ENTRIES SHOWN =>
▼▼▼
lemma theta_curve_no_tripod:
  assumes th: "theta_curve x y c1 c2 c3"
    and b: "b1 \<in> path_image c1 - {x, y}" "b2 \<in> path_image c2 - {x, y}" "b3 \<in> path_image c3 - {x, y}"
    and Q: "path Q1" "path Q2" "path Q3"
      "pathstart Q1 = q" "pathstart Q2 = q" "pathstart Q3 = q"
      "pathfinish Q1 = b1" "pathfinish Q2 = b2" "pathfinish Q3 = b3"
    and avoid: "path_image Q1 \<inter> (path_image c1 \<union> path_image c2 \<union> path_image c3) \<subseteq> {b1}"
      "path_image Q2 \<inter> (path_image c1 \<union> path_image c2 \<union> path_image c3) \<subseteq> {b2}"
      "path_image Q3 \<inter> (path_image c1 \<union> path_image c2 \<union> path_image c3) \<subseteq> {b3}"
  shows False
  using theta_curve_arc_meets_inside[OF th]
proof (elim disjE)
  assume "path_image c3 \<inter> inside (path_image c1 \<union> path_image c2) \<noteq> {}"
  then show False
    by (rule theta_curve_no_tripod_aux[OF th _ b Q avoid])
next
  assume "path_image c2 \<inter> inside (path_image c1 \<union> path_image c3) \<noteq> {}"
  then show False
    by (rule theta_curve_no_tripod_aux[OF theta_curve_swap23[OF th] _ b(1,3,2) Q(1,3,2,4,6,5,7,9,8)])
      (use avoid in auto)
next
  assume "path_image c1 \<inter> inside (path_image c2 \<union> path_image c3) \<noteq> {}"
  then show False
    by (rule theta_curve_no_tripod_aux[OF theta_curve_rotate[OF th] _ b(2,3,1) Q(2,3,1,5,6,4,8,9,7)])
      (use avoid in auto)
qed

lemma arc_join_reversepath:
  assumes "arc c1" "arc c2" "pathfinish c1 = pathfinish c2"
    "path_image c1 \<inter> path_image c2 = {pathfinish c1}"
  shows "arc (c1 +++ reversepath c2)"
    "path_image (c1 +++ reversepath c2) = path_image c1 \<union> path_image c2"
  using assms by (auto simp: arc_join_eq path_image_join arc_reversepath)

lemma K33_arcs_not_planar:
  fixes p :: "'i \<Rightarrow> complex" and q :: "'j \<Rightarrow> complex" and g :: "'i \<Rightarrow> 'j \<Rightarrow> real \<Rightarrow> complex"
  assumes "card A = 3" "card B = 3"
    and arcs: "\<And>a b. a \<in> A \<Longrightarrow> b \<in> B \<Longrightarrow>
      arc (g a b) \<and> pathstart (g a b) = p a \<and> pathfinish (g a b) = q b"
    and meet_same: "\<And>a b b'. a \<in> A \<Longrightarrow> b \<in> B \<Longrightarrow> b' \<in> B \<Longrightarrow> b \<noteq> b' \<Longrightarrow>
      path_image (g a b) \<inter> path_image (g a b') = {p a}"
    and meet_other: "\<And>a a' b b'. a \<in> A \<Longrightarrow> a' \<in> A \<Longrightarrow> a \<noteq> a' \<Longrightarrow> b \<in> B \<Longrightarrow> b' \<in> B \<Longrightarrow>
      path_image (g a b) \<inter> path_image (g a' b') = (if b = b' then {q b} else {})"
  shows False
proof -
  obtain a0 a1 a2 where A: "A = {a0, a1, a2}" "a0 \<noteq> a1" "a1 \<noteq> a2" "a0 \<noteq> a2"
    using \<open>card A = 3\<close> by (auto simp: card_3_iff)
  obtain b0 b1 b2 where B: "B = {b0, b1, b2}" "b0 \<noteq> b1" "b1 \<noteq> b2" "b0 \<noteq> b2"
    using \<open>card B = 3\<close> by (auto simp: card_3_iff)
  have ends: "p a \<in> path_image (g a b)" "q b \<in> path_image (g a b)" "q b \<noteq> p a"
    if "a \<in> A" "b \<in> B" for a b
    using arcs[OF that] arc_distinct_ends[of "g a b"] pathstart_in_path_image pathfinish_in_path_image
    by metis+
  define P where "P b = g a0 b +++ reversepath (g a1 b)" for b
  \<comment> \<open>The paths P b form a theta curve, and a2 is joined by g a2 b to an interior point of each.\<close>
  have P: "arc (P b)" "pathstart (P b) = p a0" "pathfinish (P b) = p a1"
    "path_image (P b) = path_image (g a0 b) \<union> path_image (g a1 b)" if "b \<in> B" for b
    using arc_join_reversepath[of "g a0 b" "g a1 b"] arcs[of a0 b] arcs[of a1 b]
      meet_other[of a0 a1 b b] that A
    unfolding P_def by auto
  have "path_image (P b) \<inter> path_image (P b') = {p a0, p a1}"
    if "b \<in> B" "b' \<in> B" "b \<noteq> b'" for b b'
    using P(4)[OF that(1)] P(4)[OF that(2)] meet_same[of a0 b b'] meet_same[of a1 b b']
      meet_other[of a0 a1 b b'] meet_other[of a1 a0 b b'] that A
    by auto
  moreover have "p a0 \<noteq> p a1"
    using meet_other[of a0 a1 b0 b1] ends(1)[of a0 b0] ends(1)[of a1 b1] A B by auto
  ultimately have theta: "theta_curve (p a0) (p a1) (P b0) (P b1) (P b2)"
    using P B by (simp add: theta_curve_def)
  have tip: "q b \<in> path_image (P b) - {p a0, p a1}" if "b \<in> B" for b
    using P(4)[OF that] ends[of a0 b] ends[of a1 b] that A by auto
  have spoke: "path_image (g a2 b) \<inter> (path_image (P b0) \<union> path_image (P b1) \<union> path_image (P b2))
      \<subseteq> {q b}" if "b \<in> B" for b
  proof -
    have "path_image (g a2 b) \<inter> path_image (g a b') \<subseteq> {q b}" if "a \<in> {a0, a1}" "b' \<in> B" for a b'
      using meet_other[of a2 a b b'] \<open>b \<in> B\<close> that A by (auto split: if_splits)
    then show ?thesis
      using P(4) B by auto
  qed
  show False
    by (rule theta_curve_no_tripod[OF theta tip[of b0] tip[of b1] tip[of b2]
          _ _ _ _ _ _ _ _ _ spoke[of b0] spoke[of b1] spoke[of b2]])
      (use arcs A B arc_imp_path in auto)
qed

lemma drawing_edge_arc:
  assumes "drawing V E pos \<Gamma>" "{u, v} \<in> E"
  shows "\<exists>g. arc g \<and> pathstart g = pos u \<and> pathfinish g = pos v \<and>
    path_image g = path_image (\<Gamma> {u, v})"
proof -
  let ?c = "\<Gamma> {u, v}"
  have "arc ?c" and ends: "{pathstart ?c, pathfinish ?c} = {pos u, pos v}"
    using assms unfolding drawing_def by auto
  moreover have "pathstart ?c \<noteq> pathfinish ?c"
    using arc_distinct_ends[OF \<open>arc ?c\<close>] by simp
  ultimately consider "pathstart ?c = pos u" "pathfinish ?c = pos v"
    | "pathstart (reversepath ?c) = pos u" "pathfinish (reversepath ?c) = pos v"
    by (auto simp: doubleton_eq_iff)
  then show ?thesis
    using \<open>arc ?c\<close> arc_reversepath path_image_reversepath by metis
qed

lemma drawing_path_image_edge:
  assumes "drawing V E pos \<Gamma>" "e \<in> E"
  shows "path_image (\<Gamma> e) = edge_int \<Gamma> e \<union> pos ` e"
proof -
  have "{0..1::real} = {0<..<1} \<union> {0, 1}" by auto
  then have "path_image (\<Gamma> e) = edge_int \<Gamma> e \<union> {pathstart (\<Gamma> e), pathfinish (\<Gamma> e)}"
    by (auto simp: path_image_def pathstart_def pathfinish_def edge_int_def)
  then show ?thesis
    using assms unfolding drawing_def by auto
qed
lemma subfield_subfield_of_order: "subfield (subfield_of_order R q j) R"
proof -
  obtain p k where p: "Factorial_Ring.prime p" and q: "q = p ^ k"
    using prime_power by blast
  have "add_pow R p \<one> = \<zero>"
    using add_pow_prime_one[OF p] card_carrier q by (simp add: power_mult[symmetric])
  then show ?thesis
    using subfield_pow_prime_power_eq_self[OF p, of "k * j"]
    unfolding subfield_of_order_def q by (simp add: power_mult)
qed

lemma card_subfield_of_order:
  assumes "j dvd n"
  shows "card (subfield_of_order R q j) = q ^ j"
proof -
  obtain t where "n = j * t"
    using assms ..
  then have "(q ^ j - 1) dvd card (carrier R) - 1"
    using card_carrier diff_one_dvd_power_diff_one[of "q ^ j" t] by (simp add: power_mult)
  then show ?thesis
    unfolding subfield_of_order_def by (rule card_pow_eq_self)
qed

lemma base_field_subset_subfield_of_order: "base_field R q \<subseteq> subfield_of_order R q j"
proof
  fix x assume x: "x \<in> base_field R q"
  then have "x [^] (q ^ j) = x" for j
    unfolding subfield_of_order_def by (induction j) (auto simp: nat_pow_pow[symmetric])
  then show "x \<in> subfield_of_order R q j"
    using x unfolding subfield_of_order_def by simp
qed

lemma subfield_eq_subfield_of_order:
  assumes S: "subfield S R" and KS: "base_field R q \<subseteq> S"
  shows "\<exists>e>0. e dvd n \<and> S = subfield_of_order R q e"
proof -
  define K where "K = base_field R q"
  have K: "subfield K R" and card_K: "card K = q"
    unfolding K_def using subfield_subfield_of_order card_subfield_of_order[of 1] by auto
  have "subalgebra K S R"
    using subring.axioms(1)[OF subfieldE(1)[OF S]] subringE(6)[OF subfieldE(1)[OF S]] KS
    unfolding K_def by (auto simp: subalgebra_def subalgebra_axioms_def)
  then have card_S: "card S = q ^ dim K S"
    using card_subalgebra(2)[OF finite_carrier K] card_K by simp
  have "card (carrier R) = card S ^ dim S (carrier R)"
    using card_subalgebra(2)[OF finite_carrier S carrier_is_subalgebra[OF subfieldE(3)[OF S]]] .
  then have "q ^ n = q ^ (dim K S * dim S (carrier R))"
    using card_carrier card_S by (simp add: power_mult)
  then have "dim K S dvd n"
    using two_le_q power_inject_exp[of q] by simp
  moreover have "dim K S > 0"
    using card_subfield_ge_2[OF finite_carrier S] card_S by (cases "dim K S") auto
  moreover have "S = subfield_of_order R q (dim K S)"
    using subfield_eq_pow_card_eq_self[OF S] card_S unfolding subfield_of_order_def by simp
  ultimately show ?thesis
    by blast
qed

lemma subspace_dist_ge:
  assumes m: "m dvd n"
    and U: "is_subspace R (subfield_of_order R q m) U" and V: "is_subspace R (subfield_of_order R q m) V"
    and UV: "U \<noteq> V" "card U = card V"
  shows "2 * m \<le> subspace_dist R q U V"
proof -
  have card_L: "card (subfield_of_order R q m) = card (base_field R q) ^ m"
    using card_subfield_of_order[OF m] card_subfield_of_order[of 1] by simp
  have "dim (base_field R q) (U \<inter> V) + 2 * m \<le> dim (base_field R q) (U <+>\<^bsub>R\<^esub> V)"
    using U V UV subfield_subfield_of_order
    by (intro dim_inter_plus_le_dim_set_add[OF finite_carrier _ _ base_field_subset_subfield_of_order card_L])
      (auto simp: is_subspace_iff_subalgebra)
  then show ?thesis
    unfolding subspace_dist_def dim_over_eq_dim by simp
qed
▲▲▲
Only lines with the word "assms" belong in the answer; copy each of them from the material above.

  using assms by (auto simp: arc_join_eq path_image_join arc_reversepath)
    using assms unfolding drawing_def by auto
    using assms unfolding drawing_def by auto
    using assms ..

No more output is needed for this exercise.